De weg die ik neem
Is niet de weg die ik wil lopen
Want ik ken de route niet
Naar mijn bestemming.
Soms zit ik uren
In de berm
Voor me uit te staren
Me af te vragen of ik wel de goede kant uit ga.
En soms
Komt er iemand, een voorbijganger.
Soms kom jij voorbij
Jij weet dan de weg en loopt met me mee.
Wanneer jij later je eigen weg gaat
Mij alleenlatend, maar je zegt wel gedag
Begin ik te rennen, weg van mezelf
Bang om weer alleen te zijn.
Wanneer ik dan weer rustig ben
En om me heen begin te kijken
Begint het tot me door te dringen
Dat ik niet meer weet wat links is en wat rechts.
En soms ga ik liggen
Midden op de weg.
Misschien komt er een auto aan op hoge snelheid
En anders word ik straks weer gewoon wakker.
Maar eerst droom ik.
Ik droom over de juiste weg
En zelfs over waar die naartoe leidt.
Ik begin te rennen, want aan het einde van de weg sta jij met open armen…
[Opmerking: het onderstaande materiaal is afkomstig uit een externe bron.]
(* Let $(A,v)$ and $(B,w)$ be valued abelian groups and let $f:A\to B$ be a group homomorphism. Assume there is a subset $S\subseteq A$ such that: (a) the assignment $vs\mapsto wf(s)$ for $s\in S$ defines an order preserving map $\varphi:v(S)\to w(B)$; that is, for $s,s'\in S$, $vs=vs'$ implies $wf(s)=wf(s')$, and $vs<vs'$ implies $wf(s)<wf(s')$; (b) for all $a\in A$ and $s\in S$: if $va\ge vs$ then $wf(a)\ge wf(s)$; (c) for every $b\in B\setminus\{0\}$ there is some $s\in S$ with $w(b-f(s))>wb$. Suppose further that $(A,v)$ is spherically complete. Then $f$ is surjective and $(B,w)$ is spherically complete.
   Context: A valued abelian group $(A,v)$ is an abelian group $A$ with a map $v:A\to \Gamma\cup\{\infty\}$, $a\mapsto va$, onto a totally ordered set with largest element $\infty$, such that $va=\infty\iff a=0$ and $v(a-a')\ge\min\{va,va'\}$ for all $a,a'\in A$. For $X\subseteq A$ write $v(X)=\{vx\mid x\in X\}$. For $a\in A$ and $\alpha\in v(A)$ the ball is $B_\alpha(a)=\{a'\in A\mid v(a-a')\ge\alpha\}$. A nest of balls is a set of balls totally ordered by inclusion; $(A,v)$ is spherically complete if every nest of balls has nonempty intersection. *)

theory Defs
  imports Main
begin

text \<open>A valued abelian group: the group is the type 'a (class ab_group_add), the value
  set is (a subset of) a linearly ordered type 'g whose top element plays the role of
  infinity.\<close>

definition valued_group :: "('a::ab_group_add \<Rightarrow> 'g::{linorder,order_top}) \<Rightarrow> bool" where
  "valued_group v \<longleftrightarrow>
     (\<forall>a. v a = top \<longleftrightarrow> a = 0) \<and>
     (\<forall>a a'. v (a - a') \<ge> min (v a) (v a'))"

definition vball :: "('a::ab_group_add \<Rightarrow> 'g::linorder) \<Rightarrow> 'g \<Rightarrow> 'a \<Rightarrow> 'a set" where
  "vball v \<alpha> a = {a'. v (a - a') \<ge> \<alpha>}"

definition is_ball :: "('a::ab_group_add \<Rightarrow> 'g::linorder) \<Rightarrow> 'a set \<Rightarrow> bool" where
  "is_ball v X \<longleftrightarrow> (\<exists>a \<alpha>. \<alpha> \<in> range v \<and> X = vball v \<alpha> a)"

definition nest_of_balls :: "('a::ab_group_add \<Rightarrow> 'g::linorder) \<Rightarrow> 'a set set \<Rightarrow> bool" where
  "nest_of_balls v N \<longleftrightarrow> (\<forall>X\<in>N. is_ball v X) \<and> (\<forall>X\<in>N. \<forall>Y\<in>N. X \<subseteq> Y \<or> Y \<subseteq> X)"

definition spherically_complete :: "('a::ab_group_add \<Rightarrow> 'g::linorder) \<Rightarrow> bool" where
  "spherically_complete v \<longleftrightarrow> (\<forall>N. nest_of_balls v N \<longrightarrow> \<Inter>N \<noteq> {})"

end

theory Submission
  imports Defs HOL.Modules
begin

text \<open>
  By (c), any approximation f a of a target y \<noteq> 0 can be improved by adding some s \<in> S with
  w (f s) = w (y - f a), and by (a) and (b) the ball of radius v s around a consists of points whose
  images approximate y at least as well. Moving to a + s strictly improves the approximation, so
  these balls form a system that keeps shrinking; in a spherically complete group a maximal nest
  of them has a common point, which yields a contradiction. Hence f maps every ball of radius
  v s, s \<in> S, onto the ball of radius w (f s) around the image of its centre. These image balls
  are all balls of B other than singletons, so a nest of balls of B is covered by a maximal nest
  of such balls of A; a common point of the latter maps into every ball of the given nest.
\<close>

lemma valued_group_zero: "valued_group v \<Longrightarrow> v 0 = top"
  by (simp add: valued_group_def)
lemma canonical_system_exists:
  assumes x: "x \<in> triples n" and cc: "completely_controllable n x"
  obtains y where "y \<in> poly_pairs n" "(x, canonical_system n y) \<in> gl_orbit_rel n"
proof (cases x)
  case (fields A B C)
  have A: "A \<in> carrier_mat n n" and B: "B \<in> carrier_mat n 1" and C: "C \<in> carrier_mat 1 n"
    using x fields by (auto simp: triples_def)
  let ?K = "ctrb_mat n A B"
  have K: "?K \<in> carrier_mat n n" by (simp add: ctrb_mat_def)
  have inv: "invertible_mat ?K" using cc fields by (simp add: completely_controllable_def)
  obtain Ki where Ki: "Ki \<in> carrier_mat n n" "?K * Ki = 1\<^sub>m n" by (rule invertible_mat_inverse[OF K inv])
  have AnB: "A ^\<^sub>m n * B \<in> carrier_mat n 1" by (rule mult_carrier_mat[OF pow_carrier_mat[OF A] B])
  define \<alpha> where "\<alpha> = Ki * (A ^\<^sub>m n * B)"
  have \<alpha>: "\<alpha> \<in> carrier_mat n 1"
    unfolding \<alpha>_def by (rule mult_carrier_mat[OF Ki(1) AnB])
  have rel: "A ^\<^sub>m n * B = ?K * \<alpha>"
    unfolding \<alpha>_def by (rule mult_left_inverse[OF K Ki(1) Ki(2) AnB, symmetric])
  obtain p where p: "p \<in> monic_polys n" and "coeff_col n (monom 1 n - p) = \<alpha>"
    by (rule coeff_col_x_pow_minus_monic_surj[OF \<alpha>])
  then have rel0: "mult_mod_mat n p (monom 1 1) ^\<^sub>m n * unit_col n (n - 1)
      = ctrb_mat n (mult_mod_mat n p (monom 1 1)) (unit_col n (n - 1)) * \<alpha>"
    using canonical_pow_mult_unit_col[OF p] by simp
  obtain g h where gh: "inverse_pair n g h"
    and gAh: "g * A * h = mult_mod_mat n p (monom 1 1)" and gB: "g * B = unit_col n (n - 1)"
    by (rule ctrb_conjugate[OF A B mult_mod_mat_carrier unit_col_carrier inv
          invertible_ctrb_mat_canonical[OF p] \<alpha> rel rel0])
  define c where "c = poly_of_coeffs n (\<lambda>j. (C * h) $$ (0, j))"
  have "coeff_row n c = C * h"
    unfolding c_def using C gh by (intro coeff_row_poly_of_coeffs) (auto simp: inverse_pair_def)
  then have "canonical_system n (p, c) = gl_act g h x"
    using fields gAh gB by (simp add: canonical_system_def gl_act_def)
  moreover have "(p, c) \<in> poly_pairs n" using p poly_of_coeffs_mem by (simp add: poly_pairs_def c_def)
  ultimately show ?thesis using gh by (intro that[of "(p, c)"]) (auto simp: gl_orbit_rel_iff)
qed

lemma canonical_system_unique:
  assumes y: "y \<in> poly_pairs n" and y': "y' \<in> poly_pairs n"
    and rel: "(canonical_system n y, canonical_system n y') \<in> gl_orbit_rel n"
  shows "y = y'"
proof -
  obtain p c p' c' where yy: "y = (p, c)" "y' = (p', c')" by fastforce
  have p: "p \<in> monic_polys n" and c: "c \<in> polys_deg_lt n"
    and p': "p' \<in> monic_polys n" and c': "c' \<in> polys_deg_lt n"
    using y y' yy by (auto simp: poly_pairs_def)
  let ?A = "mult_mod_mat n p (monom 1 1)" and ?A' = "mult_mod_mat n p' (monom 1 1)"
    and ?u = "unit_col n (n - 1) :: 'a mat"
  obtain g h where gh: "inverse_pair n g h"
    and "canonical_system n y' = gl_act g h (canonical_system n y)"
    using rel unfolding gl_orbit_rel_iff by blast
  then have A': "g * ?A * h = ?A'" and u: "g * ?u = ?u" and C': "coeff_row n c * h = coeff_row n c'"
    using yy by (simp_all add: canonical_system_def gl_act_def)
  have K': "ctrb_mat n ?A' ?u \<in> carrier_mat n n" by (simp add: ctrb_mat_def)
  have "(g * ?A * h) ^\<^sub>m n * (g * ?u) = ctrb_mat n (g * ?A * h) (g * ?u) * coeff_col n (monom 1 n - p)"
    by (rule ctrb_relation_conj[OF gh mult_mod_mat_carrier unit_col_carrier coeff_col_carrier
          canonical_pow_mult_unit_col[OF p]])
  then have "ctrb_mat n ?A' ?u * coeff_col n (monom 1 n - p) = ?A' ^\<^sub>m n * ?u"
    unfolding A' u ..
  also have "\<dots> = ctrb_mat n ?A' ?u * coeff_col n (monom 1 n - p')"
    by (rule canonical_pow_mult_unit_col[OF p'])
  finally have "coeff_col n (monom 1 n - p) = coeff_col n (monom 1 n - p')"
    by (rule invertible_mat_mult_left_cancel[OF K' invertible_ctrb_mat_canonical[OF p']
          coeff_col_carrier coeff_col_carrier])
  then have "p = p'"
    using coeff_col_eq_iff[OF x_pow_minus_monic_mem[OF p] x_pow_minus_monic_mem[OF p']] by simp
  then have "h = 1\<^sub>m n"
    using ctrb_stabiliser_trivial(2)[OF gh mult_mod_mat_carrier unit_col_carrier
        invertible_ctrb_mat_canonical[OF p]] A' u by simp
  then have "c = c'"
    using C' coeff_row_eq_iff[OF c c'] right_mult_one_mat[OF coeff_row_carrier[of n c]] by simp
  with \<open>p = p'\<close> show ?thesis using yy by simp
qed
(* Let $k,d\in\mathbb N$, let $\Gamma=(Z_{ij})_{d\times k}$ be a $d\times k$ categorical random matrix with rows $\mathbf Z_1^\top,\dots,\mathbf Z_d^\top$, and let $\mathbf U=(U_1,\dots,U_k)^\top$ have iid standard uniform components, independent of $\Gamma$. Define $\mathbf X=\Gamma\mathbf U=(\mathbf Z_1^\top\mathbf U,\dots,\mathbf Z_d^\top\mathbf U)$. Then: (i) each component of $\mathbf X$ is standard uniform; (ii) $\mathbf X$ has an invariant correlation matrix; (iii) the correlation matrix of $\mathbf X$ is $\mathbb E[\Gamma\Gamma^\top]$, and it equals the tail-dependence matrix of $\mathbf X$.
   Context: A $d\times k$ categorical random matrix is a random matrix with entries in $\{0,1\}$ such that each row sums to $1$. A random vector $\mathbf X$ (components non-degenerate with finite variance) has an invariant correlation matrix $R=(r_{ij})$ if $\mathrm{Corr}(X_i,X_j)=\mathrm{Corr}(g(X_i),g(X_j))=r_{ij}$ for all $i,j$ and every measurable $g$ such that all $g(X_i)$ are non-degenerate with finite variance. For continuous $X_i,X_j$ with distribution functions $F_i,F_j$, the (lower) tail-dependence coefficient is $\lim_{u\downarrow0}\mathbb P(F_i(X_i)\le u,F_j(X_j)\le u)/u$; the tail-dependence matrix has this coefficient as its $(i,j)$ entry. *)

theory Defs
  imports "HOL-Probability.Probability"
begin

definition std_uniform :: "'a measure \<Rightarrow> ('a \<Rightarrow> real) \<Rightarrow> bool" where
  "std_uniform M Y \<longleftrightarrow> Y \<in> borel_measurable M \<and>
     distr M borel Y = uniform_measure lborel {0..1::real}"

definition indep_rv :: "'a measure \<Rightarrow> 'b measure \<Rightarrow> ('a \<Rightarrow> 'b) \<Rightarrow> 'c measure \<Rightarrow> ('a \<Rightarrow> 'c) \<Rightarrow> bool" where
  "indep_rv M Ma A Mb B \<longleftrightarrow> A \<in> measurable M Ma \<and> B \<in> measurable M Mb \<and>
     (\<forall>SA\<in>sets Ma. \<forall>SB\<in>sets Mb.
        measure M (A -` SA \<inter> B -` SB \<inter> space M)
          = measure M (A -` SA \<inter> space M) * measure M (B -` SB \<inter> space M))"

definition categorical_matrix :: "'a measure \<Rightarrow> nat \<Rightarrow> nat \<Rightarrow> (nat \<Rightarrow> nat \<Rightarrow> 'a \<Rightarrow> real) \<Rightarrow> bool" where
  "categorical_matrix M d k Z \<longleftrightarrow>
     (\<forall>i<d. \<forall>j<k. Z i j \<in> borel_measurable M) \<and>
     (\<forall>\<omega>\<in>space M. \<forall>i<d. (\<forall>j<k. Z i j \<omega> \<in> {0,1}) \<and> (\<Sum>j<k. Z i j \<omega>) = 1)"

definition finite_var :: "'a measure \<Rightarrow> ('a \<Rightarrow> real) \<Rightarrow> bool" where
  "finite_var M Y \<longleftrightarrow> Y \<in> borel_measurable M \<and> integrable M (\<lambda>\<omega>. (Y \<omega>)\<^sup>2)"

definition nondegenerate :: "'a measure \<Rightarrow> ('a \<Rightarrow> real) \<Rightarrow> bool" where
  "nondegenerate M Y \<longleftrightarrow> \<not> (\<exists>c. AE \<omega> in M. Y \<omega> = c)"

definition covar :: "'a measure \<Rightarrow> ('a \<Rightarrow> real) \<Rightarrow> ('a \<Rightarrow> real) \<Rightarrow> real" where
  "covar M Y W = (\<integral>\<omega>. (Y \<omega> - (\<integral>x. Y x \<partial>M)) * (W \<omega> - (\<integral>x. W x \<partial>M)) \<partial>M)"

definition corr :: "'a measure \<Rightarrow> ('a \<Rightarrow> real) \<Rightarrow> ('a \<Rightarrow> real) \<Rightarrow> real" where
  "corr M Y W = covar M Y W / sqrt (covar M Y Y * covar M W W)"

definition has_invariant_corr :: "'a measure \<Rightarrow> nat \<Rightarrow> (nat \<Rightarrow> 'a \<Rightarrow> real) \<Rightarrow> (nat \<Rightarrow> nat \<Rightarrow> real) \<Rightarrow> bool" where
  "has_invariant_corr M d X R \<longleftrightarrow>
     (\<forall>i<d. finite_var M (X i) \<and> nondegenerate M (X i)) \<and>
     (\<forall>i<d. \<forall>j<d. corr M (X i) (X j) = R i j) \<and>
     (\<forall>g \<in> borel_measurable (borel :: real measure).
        (\<forall>i<d. finite_var M (\<lambda>\<omega>. g (X i \<omega>)) \<and> nondegenerate M (\<lambda>\<omega>. g (X i \<omega>))) \<longrightarrow>
        (\<forall>i<d. \<forall>j<d. corr M (\<lambda>\<omega>. g (X i \<omega>)) (\<lambda>\<omega>. g (X j \<omega>)) = R i j))"

definition has_tail_dep :: "'a measure \<Rightarrow> ('a \<Rightarrow> real) \<Rightarrow> ('a \<Rightarrow> real) \<Rightarrow> real \<Rightarrow> bool" where
  "has_tail_dep M Xi Xj l \<longleftrightarrow>
     ((\<lambda>u. measure M {\<omega>\<in>space M. cdf (distr M borel Xi) (Xi \<omega>) \<le> u \<and>
                                   cdf (distr M borel Xj) (Xj \<omega>) \<le> u} / u)
       \<longlongrightarrow> l) (at_right 0)"

end

theory Submission
  imports Defs
begin

(* Row i of Gamma has a single entry 1, at a random position L_i, so X_i = U_(L_i) and
   h(X_i) = sum_l Z_il h(U_l) for every h.  As Gamma is independent of the iid uniforms U_l,
   for every square-integrable h
     E[h(X_i) h(X_j)] = (E h(U))^2 + Var h(U) * E[(Gamma Gamma^T)_ij].
   With h an indicator and i = j (where E[(Gamma Gamma^T)_ii] = 1) this shows that X_i is
   uniform; with h the indicator of (-inf, u] it gives
   P(X_i <= u, X_j <= u) = u^2 + (u - u^2) E[(Gamma Gamma^T)_ij], hence the tail dependence;
   with h = g - E g(U) it gives Cov(g(X_i), g(X_j)) = Var g(U) * E[(Gamma Gamma^T)_ij], so the
   correlation of g(X_i) and g(X_j) does not depend on g. *)

abbreviation uniform01 :: "real measure" where
  "uniform01 \<equiv> uniform_measure lborel {0..1}"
En ik word wakker, hoor iemand ademhalen.
Ik ben het zelf, besef ik verwonderd en ook opgelucht.
Vastbesloten mijn weg te vinden.
En daar ga ik, in gedachten de berm vaarwel zeggend.
Schaduw, contouren, groter wordend, mijn kant op komend.
Ja. Nu zie ik je duidelijk. Je bent denk ik een engel.
Je vraagt me of ik mee wil, jouw weg op en zien waar hij eindigt.
Ik pak je hand vast, breng me erheen, ik hou van je.